The case study follows the same five stages, but the EDRU approach tackles each stage in a different manner.

4.1 Identify user needs

The study analysed 11 research papers using the CIS in SUF and SecUF form in different countries (official documents from NSIs or other government departments were also analysed but these consisted exclusively of simple tabulations). In addition, the authors could draw on observations from nine years running a controlled environment, where researchers could carry out unrestricted analyses on the CIS. Finally, a non-systematic Google Scholar search was carried out. These confirmed that the overwhelming use of the CIS by researchers (as opposed to government agencies who hold the source data) was marginal analysis, particularly linear and non-linear regression. A key objective was therefore to retain validity in marginal analyses.

4.2 Identify the user environment and risks

Users have the CIS SUFs under their control, with instructions to store the data safely and not attempt to re-identify companies, but with no effective mechanism for monitoring whether the instructions are complied with. There is no evidence of malicious use of SUFs by genuine researchers. There is evidence of accidental and deliberate misuse which has the consequence of breaching confidentiality rules or procedures [28].

For business data, the most identifying information (company size and industrial sector) is also the most analytically useful. As a result, the most commonly identified risk is spontaneous recognition of outliers; for example, a researcher provisionally recognising the largest company in a particular industrial sector, and then either publicly speculating on the identity of the firm or trying to augment or compare the SUF with data from external sources.

However, this is a management problem not a statistical one [14], best addressed through licensing and training. Note also that it is not a risk that a researcher spontaneously notes the characteristics of an observation and muses on the company identity but does not follow up – there has been no disclosure to an unauthorised person, and no deliberate attempt to identify a company.

A second risk is that the researcher may circulate the data inappropriately. This may be deliberate: the researcher may share the data with a colleague who has not signed the appropriate data access licence. It is more likely to be accidental: for example, on a shared folder without checking who has access permissions, or taking an authorised backup on a memory stick and then losing it.

The third area of risk is the output produced by the researcher, where a mistake on the researcher’s part might lead to the publication of identifiable information. In general, outputs from genuine research are low risk, but there are a large number of categorical variables in the CIS and the interest in them makes the potential for disclosure by differencing larger.

There is the risk of group disclosure. The categorical variables in the CIS make saturated or empty cells more likely: for example, there may be many cells in a table where all companies undertake a specific form of innovation. However, most of the CIS categorical variables are targets, not identifiers; someone may want to know “has your company made a product innovation in the last three years?”, but this is not information that can help to identify the respondent.

Finally, there is always the risk from a misperceived output; for example, a naïve reader of a paper could assume that a statistic refers to a single company even if it does not. In this case, the risk is not to confidentiality but to the reputation of the organisations collecting and distributing the data.

4.3 Evaluate risks

Re-identification risk arises from publicly available classification data (company size, head office location etc.) and from extreme values in continuous attributes, such as very high turnover. However, practical experiments done by the authors and others in this field (for example, [18, 29]) suggest that exact matching on continuous variables is not a practical concern, although a broad search on industrial classification and location might be more effective. Identification may arise from matching to external databases, but the sampling frame is the Eurostat-compliant business register, which is designed to reflect economic activity with statistical accuracy, not financial accuracy. As is well-known (e.g. [19]), NSI business registers are difficult to reconcile with publicly available accounting information which makes extensive use of financial engineering. These factors provide considerable uncertainty about which companies are included in the data, and in which organisational form.

Much of the data in the CIS, while useful for research, has a low disclosure value. For example, it is a breach of information supplied in confidence to be able to identify that Company X has engaged in product innovation over the period 2008–2010; but it is of negligible commercial value (the ‘innovation’ is not specified and could be anything from repackaging to a complete new product).
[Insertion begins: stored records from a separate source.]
section \<open>Averages along geometric subsequences\<close>

lemma cesaro_mean_tendsto:
  fixes a :: "nat \<Rightarrow> real"
  assumes "a \<longlonglongrightarrow> L"
  shows "(\<lambda>n. (\<Sum>i<n. a i) / n) \<longlonglongrightarrow> L"
  unfolding LIMSEQ_iff
proof (intro allI impI)
  fix \<epsilon> :: real assume "\<epsilon> > 0"
  then obtain N where N: "\<And>i. i \<ge> N \<Longrightarrow> \<bar>a i - L\<bar> < \<epsilon>/2"
    using assms unfolding LIMSEQ_iff by (metis half_gt_zero real_norm_def)
  define B where "B = (\<Sum>i<N. \<bar>a i - L\<bar>)"
  obtain N' :: nat where N': "2 * B / \<epsilon> < N'" using reals_Archimedean2 by blast
  show "\<exists>n0. \<forall>n\<ge>n0. norm ((\<Sum>i<n. a i) / n - L) < \<epsilon>"
  proof (intro exI allI impI)
    fix n assume n: "n \<ge> max (Suc N) N'"
    have split: "{..<n} = {..<N} \<union> {N..<n}" using n by auto
    have "\<bar>\<Sum>i<n. a i - L\<bar> \<le> (\<Sum>i<n. \<bar>a i - L\<bar>)" by (rule sum_abs)
    also have "\<dots> = B + (\<Sum>i\<in>{N..<n}. \<bar>a i - L\<bar>)"
      unfolding B_def split by (rule sum.union_disjoint) auto
    also have "(\<Sum>i\<in>{N..<n}. \<bar>a i - L\<bar>) \<le> (\<Sum>i\<in>{N..<n}. \<epsilon>/2)"
      using N by (intro sum_mono) (simp add: less_imp_le)
    also have "\<dots> \<le> n * (\<epsilon>/2)"
      using \<open>\<epsilon> > 0\<close> by (simp add: of_nat_diff)
    also have "B < n * (\<epsilon>/2)"
    proof -
      have "2 * B / \<epsilon> < n" using N' n by (smt (verit) of_nat_le_iff max.bounded_iff)
      then show ?thesis using \<open>\<epsilon> > 0\<close> by (simp add: field_simps)
    qed
    finally have "\<bar>\<Sum>i<n. a i - L\<bar> < n * \<epsilon>" by (simp add: mult.commute)
    moreover have "(\<Sum>i<n. a i) / n - L = (\<Sum>i<n. a i - L) / n"
      using n by (simp add: sum_subtractf field_simps)
    ultimately show "norm ((\<Sum>i<n. a i) / n - L) < \<epsilon>"
      using n by (simp add: abs_divide divide_less_eq mult.commute)
  qed
qed

definition floor_pow :: "real \<Rightarrow> nat \<Rightarrow> nat" where
  "floor_pow a n = nat \<lfloor>a ^ n\<rfloor>"

lemma floor_pow_bounds:
  fixes a :: real
  assumes "1 \<le> a"
  shows "1 \<le> floor_pow a n" and "a ^ n / 2 \<le> floor_pow a n" and "a ^ n - 1 < floor_pow a n"
    and "floor_pow a n \<le> a ^ n"
proof -
  have "1 \<le> a ^ n" using assms by simp
  then have "1 \<le> \<lfloor>a ^ n\<rfloor>" by simp
  then have eq: "real (floor_pow a n) = of_int \<lfloor>a ^ n\<rfloor>" unfolding floor_pow_def by simp
  show "1 \<le> floor_pow a n" using \<open>1 \<le> \<lfloor>a ^ n\<rfloor>\<close> unfolding floor_pow_def by linarith
  show "a ^ n - 1 < floor_pow a n" "floor_pow a n \<le> a ^ n" unfolding eq by linarith+
  then show "a ^ n / 2 \<le> floor_pow a n" using \<open>1 \<le> \<lfloor>a ^ n\<rfloor>\<close> unfolding eq by linarith
qed

lemma mono_floor_pow: "1 \<le> (a::real) \<Longrightarrow> mono (floor_pow a)"
  unfolding floor_pow_def by (intro monoI nat_mono floor_mono power_increasing)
Much more detailed, and useful, information is available in company accounts, patent applications, press releases, and so on, all of which will directly identify the company. Understanding the data requires access to the metadata (such as the original questionnaires); this is not impossible for an unauthorised person to find, but it adds an extra stage. In short, exploiting record-level data requires considerable work for relatively little value, and so is unlikely to be a target for hackers (or curious individuals finding a memory stick on a train).

In summary, re-identification is unlikely to have sufficient certainty to be worthwhile: a successful and informative match is theoretically possible but the practical problems are large, and the value dubious. Most importantly, matching requires the researcher to actively search for the company; it is not an outcome of spontaneous recognition. The SUF licence agreement forbids attempting to identify any respondent; evidence on researcher behaviour suggests this is credible. Therefore, it appears that the risks of deliberate disclosure associated with researcher inquisitiveness are of a very low order.
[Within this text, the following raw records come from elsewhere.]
theorem mainTheorem2:
  fixes n k e f p :: nat and P :: "nat list" and s :: int
  assumes "0 < k" and "k < n"
    and s_def: "s = int (n * (n + 1)) div int (2 * k)"
    and "int (2 * k) dvd int (n * (n + 1))" and "even s"
    and "ascending_partition n k P"
    and "0 < e" and "0 < f" and "3 \<le> p"
    and "\<forall>i<e. P ! i = 2"
    and "\<forall>i. e \<le> i \<and> i < e + f \<longrightarrow> P ! i = p"
    and "\<forall>i. e + f \<le> i \<and> i < k \<longrightarrow> P ! i > p"
    and "e + f \<le> k"
  defines "c \<equiv> s - int n"
  defines "h \<equiv> int (card {x \<in> {1..n}. int x \<ge> c}) - 2 * int e"
  defines "m \<equiv> s div 2"
  defines "hup \<equiv> \<lceil>real_of_int h / 2\<rceil>"
  defines "hlo \<equiv> \<lfloor>real_of_int h / 2\<rfloor>"
  defines "g \<equiv> (if int f \<le> hlo then h - int f else hup - 2 * (int f - hlo))"
  assumes "m + (\<Sum>i\<in>{c - int p + 1..c - 1}. i) < s"
    and "g < 0 \<or>
         (g \<ge> 0 \<and> e + f + nat g < k \<and>
          (\<Sum>i\<in>{c - int (P ! (e + f + nat g))..c - 1}. i) < s)"
  shows "\<not> equitable n P"
proof
  assume "equitable n P"
  then obtain A where "equitable_partition n P A"
    by (auto simp: equitable_iff_ex_equitable_partition)
  then interpret equitable_partition n P A .
  have len: "length P = k" and "sorted P"
    using assms(6) by (simp_all add: ascending_partition_def)
  have parts_ge_2: "\<forall>i<length P. 2 \<le> P ! i"
  proof (intro allI impI)
    fix i
    assume "i < length P"
    then have "P ! 0 \<le> P ! i"
      using sorted_nth_mono[OF \<open>sorted P\<close>, of 0 i] by simp
    then show "2 \<le> P ! i"
      using assms(7,10) by simp
  qed
  have "int (n * (n + 1)) = int (2 * k) * int part_sum"
    using double_length_mult_part_sum len by (metis of_nat_mult)
  then have s: "s = int part_sum"
    using assms(1) by (simp add: s_def)
  obtain M where M: "part_sum = 2 * M"
    using assms(5) s by (auto elim: evenE)
  have "n < part_sum" "part_sum < 2 * n"
    using greatest_less_part_sum parts_ge_2 part_sum_less_double[of 0] assms(1,2,7,10) len by auto
  then have c: "c = int (part_sum - n)" and top: "{x \<in> {1..n}. int x \<ge> c} = {part_sum - n..n}"
    using s by (auto simp: c_def)
  have p_bound: "int M + top_sum (int (part_sum - n)) (p - 1) < int part_sum"
  proof -
    have "m = int M"
      unfolding m_def s M by simp
    moreover have "{c - int p + 1..c - 1} = {int (part_sum - n) - int (p - 1)..int (part_sum - n) - 1}"
      unfolding c using assms(9) by simp
    ultimately show ?thesis
      using assms(20) unfolding top_sum_def s[symmetric] by (simp only:)
  qed
  have shape: "e + f \<le> length P" "\<forall>i\<in>{e..<e+f}. P ! i = p" "0 < p"
    using assms(9,11,13) len by auto
  have "g = remaining_capacity (int (card {part_sum - n..n}) - 2 * int e) (int f)"
    unfolding g_def hlo_def hup_def h_def top remaining_capacity_def ..
  then have capacity: "int (card V) \<le> g"
    if "V \<subseteq> {e+f..<length P}" "\<forall>i\<in>V. A i \<inter> {part_sum - n..n} \<noteq> {}" for V
    using late_parts_meeting_top_le_capacity[OF shape(1) assms(10) shape(2,3) M
        \<open>n < part_sum\<close> _ p_bound that] \<open>part_sum < 2 * n\<close> M by simp
  define j where "j = e + f + nat g"
  have "0 \<le> g"
    using capacity[of "{}"] by simp
  then have "j < k" and q_sum: "(\<Sum>i\<in>{c - int (P ! j)..c - 1}. i) < s"
    using assms(21) unfolding j_def by auto
  have q_bound: "top_sum (int (part_sum - n)) (P ! j) < int part_sum"
    using q_sum unfolding top_sum_def c s .
  have "\<forall>i\<in>{e+f..j}. A i \<inter> {part_sum - n..n} \<noteq> {}"
  proof
    fix i
    assume "i \<in> {e+f..j}"
    then have "i < length P" "P ! i \<le> P ! j"
      using \<open>j < k\<close> len sorted_nth_mono[OF \<open>sorted P\<close>, of i j] by auto
    moreover have "0 < P ! i"
      using parts_ge_2 \<open>i < length P\<close> by fastforce
    ultimately show "A i \<inter> {part_sum - n..n} \<noteq> {}"
      using part_meets_top[of i j] \<open>j < k\<close> len q_bound by simp
  qed
  moreover have "{e+f..j} \<subseteq> {e+f..<length P}"
    using \<open>j < k\<close> len by auto
  ultimately have "int (card {e+f..j}) \<le> g"
    using capacity by blast
  then show False
    using \<open>0 \<le> g\<close> by (simp add: j_def)
qed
4.4 Determine relevant risk scenarios

This led to three credible risk scenarios:

A researcher publishes a magnitude table with one or two observations in a cell

A researcher comments on the dominance of one unit in some table’s cell

A researcher comments on the dominance of one unit in the dataset

These are all expected to arise as a result of error on the part of the researcher who doesn’t intend to publish confidential information. This differs substantially from the usual risk scenario which assumes deliberate action to re-identify companies in the microdata. The scenarios used relate to mistakes in the outputs of the researchers.

4.5 Apply protection measures

The scenario analysis suggested that the protection measures need to guard against human error in interpretation and publication. This was achieved largely by1

grouping head office location

banding employment

averaging the turnover values in the upper size class by industry and country (microaggregation) if, and only if, the company could be placed in that size class with certainty and if it dominated the class

The user documentation stated clearly that the data had been adjusted, to maintain statistical validity but to reduce certainty over the value or identity of any specific observation. A microaggregation marker was added to the dataset to emphasise this point. The research team also created new variables for employment and turnover growth to support analysis.
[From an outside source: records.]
section \<open>Index bounds from generators\<close>

lemma card_set_mult_generate_le:
  assumes K: "subgroup K G" "finite K" and s: "s \<in> carrier G" "0 < m" "s [^] m \<in> K"
  shows "card (K <#> generate G {s}) \<le> card K * m"
proof -
  have "K <#> generate G {s} \<subseteq> (\<lambda>(k, r). k \<otimes> s [^] r) ` (K \<times> {..<m})"
  proof
    fix y assume "y \<in> K <#> generate G {s}"
    then obtain k i where k: "k \<in> K" and y: "y = k \<otimes> s [^] (i::int)"
      using mem_set_mult_generate_iff[OF s(1)] by blast
    define q r where "q = i div int m" and "r = i mod int m"
    have "0 \<le> r" "r < int m" unfolding r_def using s(2) by simp_all
    then have r: "0 \<le> r" "nat r < m" by (simp_all add: nat_less_iff)
    have "s [^] i = s [^] (int m * q) \<otimes> s [^] r"
      unfolding q_def r_def using s(1) by (simp add: int_pow_mult[symmetric])
    also have "\<dots> = (s [^] m) [^] q \<otimes> s [^] nat r"
      using s(1) r(1) by (simp add: int_pow_pow[symmetric] int_pow_int[symmetric])
    finally have "y = (k \<otimes> (s [^] m) [^] q) \<otimes> s [^] nat r"
      using y k s(1) subgroup.mem_carrier[OF K(1)] by (simp add: m_assoc)
    moreover have "k \<otimes> (s [^] m) [^] q \<in> K"
      using subgroup.m_closed[OF K(1) k subgroup_int_pow_closed[OF K(1) s(3)]] .
    ultimately show "y \<in> (\<lambda>(k, r). k \<otimes> s [^] r) ` (K \<times> {..<m})" using r(2) by force
  qed
  then have "card (K <#> generate G {s}) \<le> card ((\<lambda>(k, r). k \<otimes> s [^] r) ` (K \<times> {..<m}))"
    using K(2) by (intro card_mono) auto
  also have "\<dots> \<le> card (K \<times> {..<m})" by (rule card_image_le) (use K(2) in simp)
  also have "\<dots> = card K * m" by (simp add: card_cartesian_product)
  finally show ?thesis .
qed

lemma ex_subgroup_card_le_prod:
  assumes fin: "finite (carrier G)" and A: "subgroup A G" "derived G (carrier G) \<subseteq> A"
    and S: "finite S" "S \<subseteq> carrier G"
    and m: "\<And>s. s \<in> S \<Longrightarrow> 0 < m s \<and> s [^] m s \<in> A"
  shows "\<exists>K. subgroup K G \<and> A \<subseteq> K \<and> S \<subseteq> K \<and> card K \<le> (\<Prod>s\<in>S. m s) * card A"
  using S m
proof (induction S rule: finite_induct)
  case empty
  then show ?case using A(1) by auto
next
  case (insert s S)
  then obtain K where K: "subgroup K G" "A \<subseteq> K" "S \<subseteq> K" "card K \<le> (\<Prod>s\<in>S. m s) * card A"
    by auto
  have s: "s \<in> carrier G" "0 < m s" "s [^] m s \<in> K" using insert.prems K(2) by auto
  define K' where "K' = K <#> generate G {s}"
  have "K \<lhd> G" using normal_if_derived_subset[OF K(1)] A(2) K(2) by blast
  then have "subgroup K' G" unfolding K'_def using s(1) by (rule subgroup_set_mult_generate)
  moreover have "K \<subseteq> K'" "s \<in> K'" unfolding K'_def using set_mult_generate_supset[OF K(1) s(1)] by auto
  moreover have "card K' \<le> (\<Prod>s\<in>insert s S. m s) * card A"
  proof -
    have "finite K" using finite_subset[OF subgroup.subset[OF K(1)] fin] .
    then have "card K' \<le> card K * m s" unfolding K'_def by (rule card_set_mult_generate_le[OF K(1) _ s])
    also have "\<dots> \<le> (\<Prod>s\<in>S. m s) * card A * m s" using K(4) by simp
    also have "\<dots> = (\<Prod>s\<in>insert s S. m s) * card A" using insert.hyps by simp
    finally show ?thesis .
  qed
  ultimately show ?case using K(2,3) by blast
qed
5. Impact of the revised risk assessment strategy

As noted above, the 2010 CIS methodology review recommended a wide range of changes to the anonymisation strategy, not all of which are relevant here. However, the way the risk scenarios were defined had important implications for the anonymisation strategy.

The previous anonymisation strategy stated that deliberate misuse was not deemed to be a risk. However, the logic of this position was not followed through: no other explicit risk was identified, and yet all observations were deemed to be potentially problematic. Disclosure risk was to be addressed by microaggregation of all continuous variables and the coarsening of categorical information (global recoding), which, it was argued, also reduced the need to test for and address dominance problems. The conceptual framework used in that case was defensive: ‘apply protection until it is safe to release’.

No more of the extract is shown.